Expand your culinary horizons and discover these super cool Asian ingredients which will make your wok sing
There are some ingredients that are less heard of in the West but hugely popular in China. Dominated by a gastronomical philosophy that doesn’t value food waste, the Chinese are champions of nose-to-tail eating as well as utilising the most unlikely of foodstuffs. Here are four unusual Asian ingredients that you should get to know better – and you’ll be able to fine them all in one of Chinatown’s major supermarkets like New Loon Moon or Loon Fung
Shaped similarly to a squash, the beauty of a lotus root is revealed once cut into, thanks to rows of hollow chambers making it look holey like Edam cheese. There are many ways to cook lotus root – you can make soup by slow stewing it with pork ribs, or one of the most popular ways to prepare it is by shallow frying thinly diced lotus roots. An authentic way to consume it is by slicing, boiling it and eating with syrup and soy sauce.
Where to sample it: Hung’s Chinese Restaurant – Lotus roots and pork rib soup
At first, the concept of eating bamboo shoots might conjure an image of a panda bear chowing down on lunch. But to be honest, bamboo shoots are not only good for pandas, they are good for us too! Hailing from China, this vegetable is rich in protein and fibre. They tastes a bit bitter when undercooked but become umami if you give it a few more minutes in the wok. Bamboo shoots are especially good when stewed with beef and can be frequently found in Chinese stir frys.
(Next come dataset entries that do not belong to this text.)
lemma Th_outside: "c \<notin> S \<Longrightarrow> Th c = 0"
  and Th_nonneg: "0 \<le> Th c"
  and Th_mono_row: "(p, Suc q) \<in> S \<Longrightarrow> Th (p, q) \<le> Th (p, Suc q)"
  and Th_mono_col: "(Suc p, q) \<in> S \<Longrightarrow> Th (p, q) \<le> Th (Suc p, q)"
  using rpp unfolding reverse_plane_partition_def by blast+

lemma Th_axes [simp]: "Th (0, q) = 0" "Th (p, 0) = 0"
  using young_diagram_pos[OF young] by (auto intro: Th_outside)

lemma rim_sum: "(p, q) \<in> S \<Longrightarrow> (Suc p, Suc q) \<notin> S \<Longrightarrow> diagonal_sum Th p q = rectangle_sum T p q"
  using rim by (simp add: rim_diagonal_sums_def)

lemma rim_sum_below:
  assumes "p \<le> i" "q \<le> j" "(p, q) \<noteq> (i, j)" "(Suc p, Suc q) \<notin> S"
  shows "diagonal_sum Th p q = rectangle_sum T p q"
proof (cases "p = 0 \<or> q = 0")
  case True
  then show ?thesis by auto
next
  case False
  then have "(p, q) \<in> S" using in_rectangle[of p q] assms(1-3) by auto
  then show ?thesis using rim_sum assms(4) by blast
qed

lemma diagonal_iff: "c \<in> diagonal \<longleftrightarrow> (\<exists>k<min i j. c = (i - k, j - k))"
  unfolding diagonal_def by auto

lemma diagonal_subset: "diagonal \<subseteq> insert (i, j) S"
proof
  fix c assume "c \<in> diagonal"
  then obtain k where "k < min i j" "c = (i - k, j - k)" by (auto simp: diagonal_iff)
  then show "c \<in> insert (i, j) S" using in_rectangle[of "i - k" "j - k"] by auto
qed

lemma sum_over_diagonal: "(\<Sum>c\<in>diagonal. f c) = (\<Sum>k<min i j. f (i - k, j - k))"
proof -
  have "inj_on (\<lambda>k. (i - k, j - k)) {..<min i j}" by (auto simp: inj_on_def)
  then show ?thesis unfolding diagonal_def by (simp add: sum.reindex)
qed

lemma sum_diagonal_pred:
  "min (p - 1) (q - 1) \<le> n \<Longrightarrow> (\<Sum>k<n. Th (p - Suc k, q - Suc k)) = diagonal_sum Th (p - 1) (q - 1)"
  using sum_diagonal_eq_diagonal_sum[of Th "p - 1" "q - 1" n] by simp

lemma Th_zero_extension: "(if c \<in> S then Th c else 0) = Th c"
  using Th_outside by auto

text \<open>Both cases of toggle_step in one formula: for k = 0 the min and Th terms vanish, since
(i,j+1), (i+1,j) and (i,j) lie outside S.\<close>

lemma Th'_on_diagonal:
  assumes "k < min i j"
  shows "Th' (i - k, j - k) =
    max (Th (i - Suc k, j - k)) (Th (i - k, j - Suc k)) +
    min (Th (i - k, Suc j - k)) (Th (Suc i - k, j - k)) - Th (i - k, j - k) +
    (if k = 0 then int (T (i, j)) else 0)"
proof (cases "k = 0")
  case True
  have "Th (i, Suc j) = 0" "Th (Suc i, j) = 0" "Th (i, j) = 0"
    using right_below_outside new by (auto intro: Th_outside)
  with True ij_pos show ?thesis by (simp add: Th'_def toggle_step_def Let_def Th_zero_extension)
next
  case False
  have ne: "(i - k, j - k) \<noteq> (i, j)" using assms False by auto
  have ex: "\<exists>k'. 1 \<le> k' \<and> k' < min i j \<and> (i - k, j - k) = (i - k', j - k')"
    using assms False by (intro exI[of _ k]) auto
  have "i - (i - k) = k" "j - Suc k + 1 = j - k" "i - Suc k + 1 = i - k"
    "j - k + 1 = Suc j - k" "i - k + 1 = Suc i - k" "i - (k + 1) = i - Suc k" "j - (k + 1) = j - Suc k"
    using assms by auto
  then have "Th' (i - k, j - k) =
      max (Th (i - Suc k, j - k)) (Th (i - k, j - Suc k)) +
      min (Th (i - k, Suc j - k)) (Th (Suc i - k, j - k)) - Th (i - k, j - k)"
    unfolding Th'_def toggle_step_def Let_def fst_conv snd_conv if_not_P[OF ne] if_P[OF ex]
    by (simp only: Th_zero_extension)
  then show ?thesis using False by simp
qed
Where to sample it: Baiwei – Beef stew with bamboo shoots
Don’t worry, this is not the stinging type of jellyfish. Instead, these are small, crispy and chewy kind of jellyfish that contain not poison but protein. These little babies have been on the dinner tables of southern Chinese for ages. Since the Jin Dynasty in fact when they were preserved with wood ash and salt water. Today, however, you’re most likely to find them shredded and marinated in soy and rice vinegar. Jellyfish are easy to cook, and especially tasty when served cold.
Where to sample it: Joy King Lau – Shredded duck with jellyfish cold salad
Although it looks like cabbage or pak choi, Kai Lan is much more flavoursome than either of above. They’re affectionately known as Chinese broccoli though has a much less bulbous head, instead, long glossy leaves. When deep fried kai lan retains unmistakable freshness, for a healthier version it’s best blanched or steamed then flash fried with sesame oil and fresh garlic.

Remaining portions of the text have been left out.